Jaxton turned back to his friends, deep in thought.
“I don’t like this Jax, I don’t like this one bit,” Wilder said, his eyes like daggers. “Did you know certain people don’t get access to the medicine, to the vitamins? People who he thinks are weak, or without a useful skill. I’ve spoken to many of them.”
Elvis leaned in, stony. “I’m with you all, no matter what you decide.”
Liam looked over his shoulder to his broken friend in the cot. “I hate that man. We need to do something. If it’s war, I’ll be at the front.”
Wilder and Duke nodded fiercely, thrilled even Liam was feeling aggressive. What a day indeed.
Jaxton looked to Adira, who regarded him with melancholy eyes. Then he spoke. “We bide our time, friends. We bide our time and wait for the right moment to strike.”
The others whooped their approval, even over the feeble protests of the wounded man.
Chapter Sixteen
Bennett rose in the darkness, stepping carefully over the sleeping bodies of half-naked men and women. He squinted in the pale light of the coming dawn, which spilled through a single window.
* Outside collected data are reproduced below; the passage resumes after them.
lemma Cn_on_add:
  assumes "open S" "Cn_on n S f" "Cn_on n S g"
  shows "Cn_on n S (\<lambda>x. f x + g x)"
  using assms(2,3)
proof (induction n arbitrary: f g)
  case 0
  then show ?case by (auto intro: continuous_intros)
next
  case (Suc n)
  have "deriv (\<lambda>x. f x + g x) x = deriv f x + deriv g x" if "x \<in> S" for x
    using Suc.prems that by (simp add: real_differentiable_iff_field_differentiable)
  moreover have "Cn_on n S (\<lambda>x. deriv f x + deriv g x)" using Suc by auto
  ultimately have "Cn_on n S (deriv (\<lambda>x. f x + g x))"
    using Cn_on_cong[OF assms(1)] by (metis (no_types, lifting))
  with Suc.prems show ?case by (simp add: continuous_on_add)
qed

lemma Cn_on_mult:
  assumes "open S" "Cn_on n S f" "Cn_on n S g"
  shows "Cn_on n S (\<lambda>x. f x * g x)"
  using assms(2,3)
proof (induction n arbitrary: f g)
  case 0
  then show ?case by (auto intro: continuous_intros)
next
  case (Suc n)
  have "Cn_on n S (\<lambda>x. f x * deriv g x)" "Cn_on n S (\<lambda>x. deriv f x * g x)"
    using Suc.IH[of f "deriv g"] Suc.IH[of "deriv f" g] Cn_on_SucD Suc.prems by auto
  then have "Cn_on n S (\<lambda>x. f x * deriv g x + deriv f x * g x)"
    using Cn_on_add[OF assms(1)] by blast
  moreover have "deriv (\<lambda>x. f x * g x) x = f x * deriv g x + deriv f x * g x" if "x \<in> S" for x
    using Suc.prems that by (simp add: real_differentiable_iff_field_differentiable)
  ultimately have "Cn_on n S (deriv (\<lambda>x. f x * g x))"
    using Cn_on_cong[OF assms(1)] by (metis (no_types, lifting))
  with Suc.prems show ?case by (simp add: continuous_on_mult)
qed

lemma Cn_on_compose:
  assumes "open S" "Cn_on n S f" "Cn_on n T g" "f ` S \<subseteq> T"
  shows "Cn_on n S (g \<circ> f)"
  using assms(2,3)
proof (induction n arbitrary: g)
  case 0
  then show ?case
    using continuous_on_compose continuous_on_subset[OF _ assms(4)] by (metis Cn_on.simps(1))
next
  case (Suc n)
  have "Cn_on n S (deriv g \<circ> f)"
    using Suc.IH[of "deriv g"] Cn_on_SucD[of n S f] Suc.prems by (simp add: comp_def)
  then have "Cn_on n S (\<lambda>x. (deriv g \<circ> f) x * deriv f x)"
    using Cn_on_mult[OF assms(1), of n "deriv g \<circ> f" "deriv f"] Suc.prems(1) by simp
  moreover have "deriv (g \<circ> f) x = (deriv g \<circ> f) x * deriv f x" if "x \<in> S" for x
    using Suc.prems assms(4) that by (auto simp: real_derivative_chain)
  ultimately have "Cn_on n S (deriv (g \<circ> f))"
    using Cn_on_cong[OF assms(1)] by (metis (no_types, lifting))
  moreover have "(g \<circ> f) differentiable (at x)" if "x \<in> S" for x
    using Suc.prems assms(4) that by (auto intro: differentiable_chain_at)
  moreover have "continuous_on S (g \<circ> f)"
    using Suc.prems continuous_on_compose continuous_on_subset[OF _ assms(4)] by auto
  ultimately show ?case unfolding Cn_on.simps by blast
qed

lemma Ck_on_cong:
  assumes "open S" "\<And>x. x \<in> S \<Longrightarrow> f x = g x" "Ck_on k S f"
  shows "Ck_on k S g"
  using assms Cn_on_cong unfolding Ck_on_iff_Cn_on by blast

lemma Ck_on_compose:
  assumes "open S" "Ck_on k S f" "Ck_on k T g" "f ` S \<subseteq> T"
  shows "Ck_on k S (g \<circ> f)"
  using assms Cn_on_compose unfolding Ck_on_iff_Cn_on by blast

lemma Ck_on_subset: "Ck_on k S f \<Longrightarrow> T \<subseteq> S \<Longrightarrow> Ck_on k T f"
  using Cn_on_subset unfolding Ck_on_iff_Cn_on by blast

lemma Ck_on_open_Un:
  assumes "open A" "open B" "Ck_on k A f" "Ck_on k B f"
  shows "Ck_on k (A \<union> B) f"
  using assms Cn_on_open_Un unfolding Ck_on_iff_Cn_on by blast

lemma Ck_on_id: "Ck_on k S id"
  using Cn_on_ident unfolding Ck_on_iff_Cn_on id_def by blast

lemma Ck_on_imp_continuous_on: "Ck_on k S f \<Longrightarrow> continuous_on S f"
  unfolding Ck_on_def by (metis funpow_0 zero_enat_def zero_le)

lemma open_Compl_singleton: "open (- {a :: 'a :: t1_space})"
  by (simp add: open_Compl)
They had taken down a deer, a skinny doe, but a deer. Bennett looked
at the naked women sleeping among them. Agis had rewarded them well. He stepped to the table, and snorted another line of white powder. They had used it all. More would have to be procured upon further success. He felt terrible. His body revolted against the alcohol and drugs he had poured into it the night before. He would want more tonight, he was certain. He would see Agis. Was their leader still awake?
When Bennett rapped on the door to the annex, he was beckoned by a tired voice. Agis sat in front of a hand-held radio, shadows of torchlight dancing around the tiny room. He spoke without taking his gaze off the radio. “Have a seat, Bennett.”
Bennett did as he was told, though he was shirtless. And it was cold. Harley was asleep, naked, in a tangle of sheets on the cot behind them. His eyes lingered over her perfect physicality.
“We have a big decision, before us,” he said slowly, rubbing his eyes. “I knew I could count on you, Bennett. Your team brought in a deer today, I hear. Very good.”
“We did, sir. We sure did. It couldn’t have come sooner. Though, I should add-“
“Yes?”
“The men will want more, more drugs tomorrow, I am certain. We are out.”
Agis looked to him with dark eyes. “Bennett, you must ration it. That is your responsibility. Regard it as a reward or incentive, to be handed out at the right moments.” Bennett felt he was being scolded. “I will give you more next week. Till then, the women will come every other night.”
“Yes, sir.”
Agis gazed at the radio again. “There is another group, heading towards us.”
Bennett sat up in his chair. “What? Who? How far?” He bit his lip to wait.
“Two days, I estimate. I made the mistake, of telling them where we were, before figuring out who they were,” Agis croaked. He didn’t look himself.
“Sir?”
“There are about fifty of them. Most are regular military. Some civilians.”
“Military,” Bennett repeated the word. What did this mean? “Are they…threatening us? I don’t understand.”